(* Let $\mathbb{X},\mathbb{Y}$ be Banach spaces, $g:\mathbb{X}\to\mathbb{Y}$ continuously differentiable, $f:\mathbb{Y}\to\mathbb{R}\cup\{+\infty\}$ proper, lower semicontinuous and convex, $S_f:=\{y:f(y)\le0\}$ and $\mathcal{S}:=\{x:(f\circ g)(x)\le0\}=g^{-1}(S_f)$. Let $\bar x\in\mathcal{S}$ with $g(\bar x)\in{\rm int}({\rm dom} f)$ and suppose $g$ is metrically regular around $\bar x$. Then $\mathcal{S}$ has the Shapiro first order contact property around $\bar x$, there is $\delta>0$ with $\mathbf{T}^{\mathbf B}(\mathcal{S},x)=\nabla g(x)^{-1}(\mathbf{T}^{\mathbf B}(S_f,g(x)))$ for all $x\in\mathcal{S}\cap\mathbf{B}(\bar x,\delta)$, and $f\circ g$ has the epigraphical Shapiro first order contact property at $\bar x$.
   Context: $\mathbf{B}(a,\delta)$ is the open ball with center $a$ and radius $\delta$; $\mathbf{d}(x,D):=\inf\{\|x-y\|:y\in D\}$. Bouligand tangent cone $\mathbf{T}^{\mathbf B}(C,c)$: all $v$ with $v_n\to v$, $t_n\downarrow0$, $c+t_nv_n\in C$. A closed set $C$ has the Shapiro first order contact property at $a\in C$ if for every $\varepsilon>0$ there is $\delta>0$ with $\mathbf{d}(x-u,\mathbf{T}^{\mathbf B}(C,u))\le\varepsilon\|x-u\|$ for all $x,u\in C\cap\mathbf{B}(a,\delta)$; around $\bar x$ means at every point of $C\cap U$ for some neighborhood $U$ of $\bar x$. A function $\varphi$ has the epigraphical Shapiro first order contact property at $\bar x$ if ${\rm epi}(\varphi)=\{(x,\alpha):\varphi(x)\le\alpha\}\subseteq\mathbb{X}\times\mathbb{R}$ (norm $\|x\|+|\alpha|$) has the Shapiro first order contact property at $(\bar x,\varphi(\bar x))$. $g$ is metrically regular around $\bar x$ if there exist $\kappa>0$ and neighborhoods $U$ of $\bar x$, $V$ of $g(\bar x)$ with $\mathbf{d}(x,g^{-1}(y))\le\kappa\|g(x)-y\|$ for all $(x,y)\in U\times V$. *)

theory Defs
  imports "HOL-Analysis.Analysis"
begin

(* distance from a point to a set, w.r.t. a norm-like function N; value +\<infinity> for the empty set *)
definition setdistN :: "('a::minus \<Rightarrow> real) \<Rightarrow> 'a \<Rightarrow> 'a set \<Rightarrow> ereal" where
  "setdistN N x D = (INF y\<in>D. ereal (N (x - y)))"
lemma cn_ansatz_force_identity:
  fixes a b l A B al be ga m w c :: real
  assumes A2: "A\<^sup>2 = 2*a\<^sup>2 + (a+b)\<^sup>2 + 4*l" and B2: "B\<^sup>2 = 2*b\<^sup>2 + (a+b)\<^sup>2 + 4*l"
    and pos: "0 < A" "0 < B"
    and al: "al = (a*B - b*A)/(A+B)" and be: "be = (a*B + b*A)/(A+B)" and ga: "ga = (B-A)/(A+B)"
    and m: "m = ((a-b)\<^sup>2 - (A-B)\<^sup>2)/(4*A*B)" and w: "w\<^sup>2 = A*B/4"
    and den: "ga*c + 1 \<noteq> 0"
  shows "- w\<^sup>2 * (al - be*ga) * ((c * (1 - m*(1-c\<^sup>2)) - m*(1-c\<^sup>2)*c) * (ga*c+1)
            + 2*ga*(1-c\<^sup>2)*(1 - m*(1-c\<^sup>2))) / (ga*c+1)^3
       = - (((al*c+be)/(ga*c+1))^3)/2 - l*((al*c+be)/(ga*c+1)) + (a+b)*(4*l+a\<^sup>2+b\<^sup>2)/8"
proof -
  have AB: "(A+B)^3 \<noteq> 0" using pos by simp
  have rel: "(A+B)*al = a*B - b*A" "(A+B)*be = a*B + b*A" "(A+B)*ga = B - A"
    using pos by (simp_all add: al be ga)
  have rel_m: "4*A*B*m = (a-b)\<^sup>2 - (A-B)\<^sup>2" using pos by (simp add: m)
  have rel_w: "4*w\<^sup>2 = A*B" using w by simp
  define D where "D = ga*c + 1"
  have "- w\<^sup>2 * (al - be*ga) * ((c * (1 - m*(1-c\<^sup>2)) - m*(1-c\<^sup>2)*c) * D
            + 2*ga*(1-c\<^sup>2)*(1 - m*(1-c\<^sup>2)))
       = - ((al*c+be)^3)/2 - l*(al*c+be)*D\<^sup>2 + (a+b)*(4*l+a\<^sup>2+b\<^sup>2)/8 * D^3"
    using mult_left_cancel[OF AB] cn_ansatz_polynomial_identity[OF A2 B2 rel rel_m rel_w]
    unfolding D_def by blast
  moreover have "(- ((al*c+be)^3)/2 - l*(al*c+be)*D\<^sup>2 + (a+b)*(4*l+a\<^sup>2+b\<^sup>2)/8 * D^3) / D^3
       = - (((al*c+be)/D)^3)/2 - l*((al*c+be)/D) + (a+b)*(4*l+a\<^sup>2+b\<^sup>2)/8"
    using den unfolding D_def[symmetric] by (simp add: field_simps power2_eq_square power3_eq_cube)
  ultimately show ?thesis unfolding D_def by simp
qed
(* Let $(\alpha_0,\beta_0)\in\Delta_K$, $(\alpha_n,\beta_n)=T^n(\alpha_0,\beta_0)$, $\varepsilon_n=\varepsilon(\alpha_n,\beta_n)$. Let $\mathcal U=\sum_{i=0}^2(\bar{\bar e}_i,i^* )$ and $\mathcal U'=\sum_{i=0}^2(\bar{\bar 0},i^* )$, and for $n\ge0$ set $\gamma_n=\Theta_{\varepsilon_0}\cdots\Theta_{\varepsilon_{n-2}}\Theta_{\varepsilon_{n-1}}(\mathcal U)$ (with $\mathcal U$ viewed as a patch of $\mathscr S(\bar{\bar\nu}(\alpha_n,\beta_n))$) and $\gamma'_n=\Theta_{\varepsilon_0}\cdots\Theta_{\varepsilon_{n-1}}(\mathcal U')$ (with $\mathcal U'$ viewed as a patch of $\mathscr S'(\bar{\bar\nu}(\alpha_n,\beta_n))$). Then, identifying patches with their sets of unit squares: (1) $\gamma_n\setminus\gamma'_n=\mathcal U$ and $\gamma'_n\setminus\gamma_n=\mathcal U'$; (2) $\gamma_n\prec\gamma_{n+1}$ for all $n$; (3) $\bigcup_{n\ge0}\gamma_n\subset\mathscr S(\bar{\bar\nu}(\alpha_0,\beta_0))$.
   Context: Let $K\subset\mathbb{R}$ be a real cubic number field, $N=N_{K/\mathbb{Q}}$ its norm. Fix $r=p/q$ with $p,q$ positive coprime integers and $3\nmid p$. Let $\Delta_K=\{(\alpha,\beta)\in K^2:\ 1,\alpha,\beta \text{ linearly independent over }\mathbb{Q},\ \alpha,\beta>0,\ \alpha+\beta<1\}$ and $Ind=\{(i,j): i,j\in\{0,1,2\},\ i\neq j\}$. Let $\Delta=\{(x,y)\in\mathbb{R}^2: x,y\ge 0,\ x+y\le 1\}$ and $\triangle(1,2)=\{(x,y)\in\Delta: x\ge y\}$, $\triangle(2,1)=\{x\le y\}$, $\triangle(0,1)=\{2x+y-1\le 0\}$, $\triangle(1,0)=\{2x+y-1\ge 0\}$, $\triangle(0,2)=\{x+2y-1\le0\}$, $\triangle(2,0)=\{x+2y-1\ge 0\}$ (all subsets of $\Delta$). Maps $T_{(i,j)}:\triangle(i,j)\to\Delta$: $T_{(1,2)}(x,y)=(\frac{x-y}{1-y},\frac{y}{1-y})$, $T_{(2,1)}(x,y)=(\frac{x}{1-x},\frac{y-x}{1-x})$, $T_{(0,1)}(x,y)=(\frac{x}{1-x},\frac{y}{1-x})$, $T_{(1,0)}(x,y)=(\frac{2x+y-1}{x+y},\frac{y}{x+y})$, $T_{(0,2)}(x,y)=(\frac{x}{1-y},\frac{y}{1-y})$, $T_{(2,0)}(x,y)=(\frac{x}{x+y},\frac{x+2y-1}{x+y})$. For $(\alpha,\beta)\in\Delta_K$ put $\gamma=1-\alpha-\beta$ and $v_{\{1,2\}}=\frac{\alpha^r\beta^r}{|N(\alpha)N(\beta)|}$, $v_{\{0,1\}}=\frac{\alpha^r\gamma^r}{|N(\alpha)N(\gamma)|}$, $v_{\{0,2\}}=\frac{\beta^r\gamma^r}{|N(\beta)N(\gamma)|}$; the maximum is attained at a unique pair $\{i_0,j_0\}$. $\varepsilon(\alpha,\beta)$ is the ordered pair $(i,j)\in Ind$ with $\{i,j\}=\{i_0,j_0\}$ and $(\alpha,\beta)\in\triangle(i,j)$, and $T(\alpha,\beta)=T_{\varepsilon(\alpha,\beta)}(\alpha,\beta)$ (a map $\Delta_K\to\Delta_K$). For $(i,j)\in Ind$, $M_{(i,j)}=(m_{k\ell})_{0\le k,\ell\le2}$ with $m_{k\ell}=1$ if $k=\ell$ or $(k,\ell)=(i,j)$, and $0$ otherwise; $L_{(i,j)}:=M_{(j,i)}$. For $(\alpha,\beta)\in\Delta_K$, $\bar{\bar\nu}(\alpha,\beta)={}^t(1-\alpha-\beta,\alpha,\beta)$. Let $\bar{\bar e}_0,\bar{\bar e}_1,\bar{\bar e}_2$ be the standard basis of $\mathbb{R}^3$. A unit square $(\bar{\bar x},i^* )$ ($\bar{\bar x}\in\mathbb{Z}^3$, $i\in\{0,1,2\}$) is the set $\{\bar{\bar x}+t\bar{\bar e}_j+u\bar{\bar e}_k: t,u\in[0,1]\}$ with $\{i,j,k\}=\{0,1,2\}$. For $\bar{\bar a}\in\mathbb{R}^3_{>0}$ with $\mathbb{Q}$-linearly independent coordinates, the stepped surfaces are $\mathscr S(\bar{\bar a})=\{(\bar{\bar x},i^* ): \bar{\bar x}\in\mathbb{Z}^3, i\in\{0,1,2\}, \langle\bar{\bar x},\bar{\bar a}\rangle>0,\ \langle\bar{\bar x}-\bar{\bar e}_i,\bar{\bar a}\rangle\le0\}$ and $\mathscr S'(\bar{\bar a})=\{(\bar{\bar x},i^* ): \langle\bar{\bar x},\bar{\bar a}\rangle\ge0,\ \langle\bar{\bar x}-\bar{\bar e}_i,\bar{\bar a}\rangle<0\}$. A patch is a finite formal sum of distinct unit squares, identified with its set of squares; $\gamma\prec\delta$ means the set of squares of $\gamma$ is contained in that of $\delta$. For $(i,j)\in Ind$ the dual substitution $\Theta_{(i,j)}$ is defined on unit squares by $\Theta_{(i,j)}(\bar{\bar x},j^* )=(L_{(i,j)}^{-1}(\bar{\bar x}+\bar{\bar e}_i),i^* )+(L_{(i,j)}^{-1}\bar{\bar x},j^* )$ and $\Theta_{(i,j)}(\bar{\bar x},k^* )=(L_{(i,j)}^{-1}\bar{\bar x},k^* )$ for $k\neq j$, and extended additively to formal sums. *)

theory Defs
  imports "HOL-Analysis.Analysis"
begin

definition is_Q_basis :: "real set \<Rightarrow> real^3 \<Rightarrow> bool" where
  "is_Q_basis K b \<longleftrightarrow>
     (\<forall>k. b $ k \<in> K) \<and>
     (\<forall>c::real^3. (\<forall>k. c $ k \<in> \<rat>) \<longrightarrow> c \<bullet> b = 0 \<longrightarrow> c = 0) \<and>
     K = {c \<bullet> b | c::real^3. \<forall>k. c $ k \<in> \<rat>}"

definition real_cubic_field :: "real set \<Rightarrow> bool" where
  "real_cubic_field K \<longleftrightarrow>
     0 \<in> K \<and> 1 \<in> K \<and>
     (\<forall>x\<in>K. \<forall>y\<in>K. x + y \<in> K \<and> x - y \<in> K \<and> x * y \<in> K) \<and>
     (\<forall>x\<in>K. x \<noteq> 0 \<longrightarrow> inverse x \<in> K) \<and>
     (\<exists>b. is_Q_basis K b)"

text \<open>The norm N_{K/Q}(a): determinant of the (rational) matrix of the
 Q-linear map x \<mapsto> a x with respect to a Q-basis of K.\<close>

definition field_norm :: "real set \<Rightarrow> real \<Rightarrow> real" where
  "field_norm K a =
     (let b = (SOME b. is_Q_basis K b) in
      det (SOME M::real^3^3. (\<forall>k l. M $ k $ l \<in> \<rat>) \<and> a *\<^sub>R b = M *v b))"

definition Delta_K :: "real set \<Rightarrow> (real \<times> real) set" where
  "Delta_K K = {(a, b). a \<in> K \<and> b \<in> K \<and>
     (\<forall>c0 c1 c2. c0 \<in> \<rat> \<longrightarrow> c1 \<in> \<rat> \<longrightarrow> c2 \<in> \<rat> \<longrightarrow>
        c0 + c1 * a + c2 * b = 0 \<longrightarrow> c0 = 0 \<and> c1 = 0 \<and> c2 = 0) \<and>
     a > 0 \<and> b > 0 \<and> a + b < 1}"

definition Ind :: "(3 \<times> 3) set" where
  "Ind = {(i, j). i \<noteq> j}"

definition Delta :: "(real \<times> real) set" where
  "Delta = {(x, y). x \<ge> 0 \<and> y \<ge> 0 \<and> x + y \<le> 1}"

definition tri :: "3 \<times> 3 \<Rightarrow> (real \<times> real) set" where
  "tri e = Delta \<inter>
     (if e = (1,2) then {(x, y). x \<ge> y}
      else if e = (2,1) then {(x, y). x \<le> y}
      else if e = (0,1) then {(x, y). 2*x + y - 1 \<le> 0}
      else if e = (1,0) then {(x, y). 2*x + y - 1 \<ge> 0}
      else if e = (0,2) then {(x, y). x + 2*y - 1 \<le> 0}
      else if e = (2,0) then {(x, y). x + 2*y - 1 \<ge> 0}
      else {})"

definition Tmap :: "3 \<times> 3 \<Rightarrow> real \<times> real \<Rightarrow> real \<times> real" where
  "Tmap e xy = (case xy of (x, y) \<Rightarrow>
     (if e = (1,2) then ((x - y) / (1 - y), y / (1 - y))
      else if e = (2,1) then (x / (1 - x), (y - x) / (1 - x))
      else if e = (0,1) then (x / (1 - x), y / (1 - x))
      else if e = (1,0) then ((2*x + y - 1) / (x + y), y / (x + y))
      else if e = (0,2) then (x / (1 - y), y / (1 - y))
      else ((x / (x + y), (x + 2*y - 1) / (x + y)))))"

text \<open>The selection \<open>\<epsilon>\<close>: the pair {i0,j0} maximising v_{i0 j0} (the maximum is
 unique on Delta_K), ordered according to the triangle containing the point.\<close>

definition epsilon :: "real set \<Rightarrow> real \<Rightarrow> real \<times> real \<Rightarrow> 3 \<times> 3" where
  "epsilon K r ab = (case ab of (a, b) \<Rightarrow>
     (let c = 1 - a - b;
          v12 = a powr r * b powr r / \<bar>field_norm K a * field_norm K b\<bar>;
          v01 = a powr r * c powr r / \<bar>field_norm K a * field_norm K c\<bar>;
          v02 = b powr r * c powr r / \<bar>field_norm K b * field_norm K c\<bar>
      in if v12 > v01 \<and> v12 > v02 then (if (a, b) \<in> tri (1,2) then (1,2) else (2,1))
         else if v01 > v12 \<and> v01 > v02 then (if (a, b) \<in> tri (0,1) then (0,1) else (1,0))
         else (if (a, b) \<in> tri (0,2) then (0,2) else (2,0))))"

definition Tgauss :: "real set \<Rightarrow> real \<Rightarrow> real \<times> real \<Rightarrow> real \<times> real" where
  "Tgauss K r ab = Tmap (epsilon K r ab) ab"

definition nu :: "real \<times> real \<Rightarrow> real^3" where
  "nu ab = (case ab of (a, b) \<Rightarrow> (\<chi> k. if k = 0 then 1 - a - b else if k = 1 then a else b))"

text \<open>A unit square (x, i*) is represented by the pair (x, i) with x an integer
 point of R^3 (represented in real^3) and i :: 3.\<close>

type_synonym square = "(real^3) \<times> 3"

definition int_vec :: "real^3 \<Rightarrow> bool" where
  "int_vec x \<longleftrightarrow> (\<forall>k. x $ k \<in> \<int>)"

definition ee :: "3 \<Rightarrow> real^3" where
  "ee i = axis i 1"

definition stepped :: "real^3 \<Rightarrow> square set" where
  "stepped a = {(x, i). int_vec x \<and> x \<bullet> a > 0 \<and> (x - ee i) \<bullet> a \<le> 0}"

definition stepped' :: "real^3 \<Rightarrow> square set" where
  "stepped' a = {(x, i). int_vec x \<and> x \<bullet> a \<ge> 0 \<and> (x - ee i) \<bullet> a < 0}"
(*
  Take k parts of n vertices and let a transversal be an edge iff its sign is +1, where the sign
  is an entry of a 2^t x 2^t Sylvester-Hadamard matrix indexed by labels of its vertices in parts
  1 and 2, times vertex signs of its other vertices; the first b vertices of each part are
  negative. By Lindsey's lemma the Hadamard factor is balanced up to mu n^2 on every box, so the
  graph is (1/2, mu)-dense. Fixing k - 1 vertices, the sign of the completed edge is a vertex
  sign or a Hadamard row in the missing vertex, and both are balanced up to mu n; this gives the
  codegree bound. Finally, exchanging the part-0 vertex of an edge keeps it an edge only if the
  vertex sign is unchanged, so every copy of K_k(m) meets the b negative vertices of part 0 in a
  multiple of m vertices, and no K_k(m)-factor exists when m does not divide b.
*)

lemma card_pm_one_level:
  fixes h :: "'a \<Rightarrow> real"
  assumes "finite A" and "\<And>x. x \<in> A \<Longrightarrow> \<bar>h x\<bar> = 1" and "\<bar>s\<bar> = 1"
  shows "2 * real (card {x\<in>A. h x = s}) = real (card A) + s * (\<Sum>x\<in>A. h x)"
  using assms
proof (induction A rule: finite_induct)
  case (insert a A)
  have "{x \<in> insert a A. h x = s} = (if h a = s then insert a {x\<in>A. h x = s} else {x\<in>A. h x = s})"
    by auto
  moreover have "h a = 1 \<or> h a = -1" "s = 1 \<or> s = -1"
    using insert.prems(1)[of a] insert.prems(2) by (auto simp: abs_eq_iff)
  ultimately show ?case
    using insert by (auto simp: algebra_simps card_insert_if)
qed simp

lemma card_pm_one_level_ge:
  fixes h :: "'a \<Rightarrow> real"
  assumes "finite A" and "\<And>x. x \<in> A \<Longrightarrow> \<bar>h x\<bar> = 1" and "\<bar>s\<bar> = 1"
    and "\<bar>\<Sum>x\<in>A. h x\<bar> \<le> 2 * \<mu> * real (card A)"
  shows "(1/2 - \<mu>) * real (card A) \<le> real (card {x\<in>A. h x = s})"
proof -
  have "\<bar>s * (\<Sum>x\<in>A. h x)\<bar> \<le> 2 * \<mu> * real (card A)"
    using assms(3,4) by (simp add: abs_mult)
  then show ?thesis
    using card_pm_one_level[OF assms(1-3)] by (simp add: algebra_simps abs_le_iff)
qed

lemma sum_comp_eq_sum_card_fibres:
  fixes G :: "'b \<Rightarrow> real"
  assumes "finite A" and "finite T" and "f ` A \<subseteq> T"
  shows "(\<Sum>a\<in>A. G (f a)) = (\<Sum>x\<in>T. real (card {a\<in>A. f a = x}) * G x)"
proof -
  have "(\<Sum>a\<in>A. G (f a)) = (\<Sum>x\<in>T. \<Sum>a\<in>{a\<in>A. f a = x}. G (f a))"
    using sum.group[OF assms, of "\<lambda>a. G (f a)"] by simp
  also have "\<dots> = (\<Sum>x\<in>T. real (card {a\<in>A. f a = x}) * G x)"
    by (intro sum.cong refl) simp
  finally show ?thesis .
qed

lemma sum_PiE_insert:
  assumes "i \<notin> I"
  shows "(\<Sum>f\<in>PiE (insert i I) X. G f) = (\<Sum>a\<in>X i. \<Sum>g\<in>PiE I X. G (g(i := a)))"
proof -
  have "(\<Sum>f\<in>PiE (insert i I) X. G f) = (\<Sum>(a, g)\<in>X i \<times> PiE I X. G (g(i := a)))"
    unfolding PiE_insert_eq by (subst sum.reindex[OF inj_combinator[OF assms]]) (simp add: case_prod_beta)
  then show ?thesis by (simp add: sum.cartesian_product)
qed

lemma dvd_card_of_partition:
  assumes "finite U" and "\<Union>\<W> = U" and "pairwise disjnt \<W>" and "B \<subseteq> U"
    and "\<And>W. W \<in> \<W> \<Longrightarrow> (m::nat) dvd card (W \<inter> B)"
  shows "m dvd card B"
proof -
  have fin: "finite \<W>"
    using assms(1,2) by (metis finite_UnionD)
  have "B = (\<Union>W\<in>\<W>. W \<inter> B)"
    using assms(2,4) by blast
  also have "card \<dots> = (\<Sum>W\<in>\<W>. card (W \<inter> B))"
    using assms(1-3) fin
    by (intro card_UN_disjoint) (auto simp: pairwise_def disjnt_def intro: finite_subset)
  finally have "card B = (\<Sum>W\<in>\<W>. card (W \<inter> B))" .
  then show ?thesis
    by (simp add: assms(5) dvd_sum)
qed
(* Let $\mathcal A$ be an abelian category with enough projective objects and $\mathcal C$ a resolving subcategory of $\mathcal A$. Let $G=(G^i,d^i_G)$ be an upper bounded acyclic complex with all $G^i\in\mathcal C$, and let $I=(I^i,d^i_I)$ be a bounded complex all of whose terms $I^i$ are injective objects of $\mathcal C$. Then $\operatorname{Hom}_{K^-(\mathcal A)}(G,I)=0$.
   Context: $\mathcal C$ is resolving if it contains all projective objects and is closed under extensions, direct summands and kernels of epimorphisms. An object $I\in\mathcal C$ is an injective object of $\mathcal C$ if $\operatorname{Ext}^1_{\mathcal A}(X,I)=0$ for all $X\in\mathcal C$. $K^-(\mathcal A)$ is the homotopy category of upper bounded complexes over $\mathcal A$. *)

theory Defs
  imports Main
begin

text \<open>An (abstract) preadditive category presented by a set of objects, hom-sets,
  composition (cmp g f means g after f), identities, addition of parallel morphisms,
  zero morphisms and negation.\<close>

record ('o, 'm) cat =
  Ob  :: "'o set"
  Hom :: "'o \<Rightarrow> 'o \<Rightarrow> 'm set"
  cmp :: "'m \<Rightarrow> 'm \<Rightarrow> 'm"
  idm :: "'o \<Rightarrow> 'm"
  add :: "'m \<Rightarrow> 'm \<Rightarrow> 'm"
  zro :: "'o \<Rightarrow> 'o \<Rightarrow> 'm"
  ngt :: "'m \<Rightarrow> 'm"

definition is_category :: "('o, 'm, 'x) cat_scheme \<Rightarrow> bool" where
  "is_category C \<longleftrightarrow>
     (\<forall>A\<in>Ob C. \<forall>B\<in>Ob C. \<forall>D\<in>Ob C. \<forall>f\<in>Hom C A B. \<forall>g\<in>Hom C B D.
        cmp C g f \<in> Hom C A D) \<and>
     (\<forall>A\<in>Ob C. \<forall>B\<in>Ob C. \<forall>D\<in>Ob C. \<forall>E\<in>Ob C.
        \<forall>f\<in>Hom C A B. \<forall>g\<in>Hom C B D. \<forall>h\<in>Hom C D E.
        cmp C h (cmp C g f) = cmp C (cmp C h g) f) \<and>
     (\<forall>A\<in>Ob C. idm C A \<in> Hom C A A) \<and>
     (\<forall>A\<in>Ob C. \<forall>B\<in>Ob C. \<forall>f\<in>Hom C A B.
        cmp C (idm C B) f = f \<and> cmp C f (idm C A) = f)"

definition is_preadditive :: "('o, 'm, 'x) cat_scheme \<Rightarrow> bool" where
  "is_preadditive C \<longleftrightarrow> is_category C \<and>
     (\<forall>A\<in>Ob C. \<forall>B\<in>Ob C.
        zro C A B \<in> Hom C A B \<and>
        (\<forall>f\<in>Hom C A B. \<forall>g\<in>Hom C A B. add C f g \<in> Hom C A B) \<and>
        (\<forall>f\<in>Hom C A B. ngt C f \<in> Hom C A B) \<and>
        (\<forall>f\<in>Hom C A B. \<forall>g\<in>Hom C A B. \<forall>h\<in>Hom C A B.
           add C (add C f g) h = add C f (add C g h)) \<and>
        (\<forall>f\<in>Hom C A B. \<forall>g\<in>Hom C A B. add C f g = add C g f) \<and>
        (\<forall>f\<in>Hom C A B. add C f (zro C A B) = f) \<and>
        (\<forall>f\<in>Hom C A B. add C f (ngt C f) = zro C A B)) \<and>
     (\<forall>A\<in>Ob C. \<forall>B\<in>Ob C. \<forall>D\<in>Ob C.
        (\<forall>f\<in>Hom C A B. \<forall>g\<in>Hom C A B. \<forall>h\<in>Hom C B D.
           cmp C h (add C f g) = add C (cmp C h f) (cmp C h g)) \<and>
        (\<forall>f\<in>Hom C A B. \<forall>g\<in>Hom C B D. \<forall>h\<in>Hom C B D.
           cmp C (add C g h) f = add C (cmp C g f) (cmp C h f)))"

● About this task:
Count each line of the listing above in which "Tmap" appears, and give that count with nothing added.

● Exercise response:
3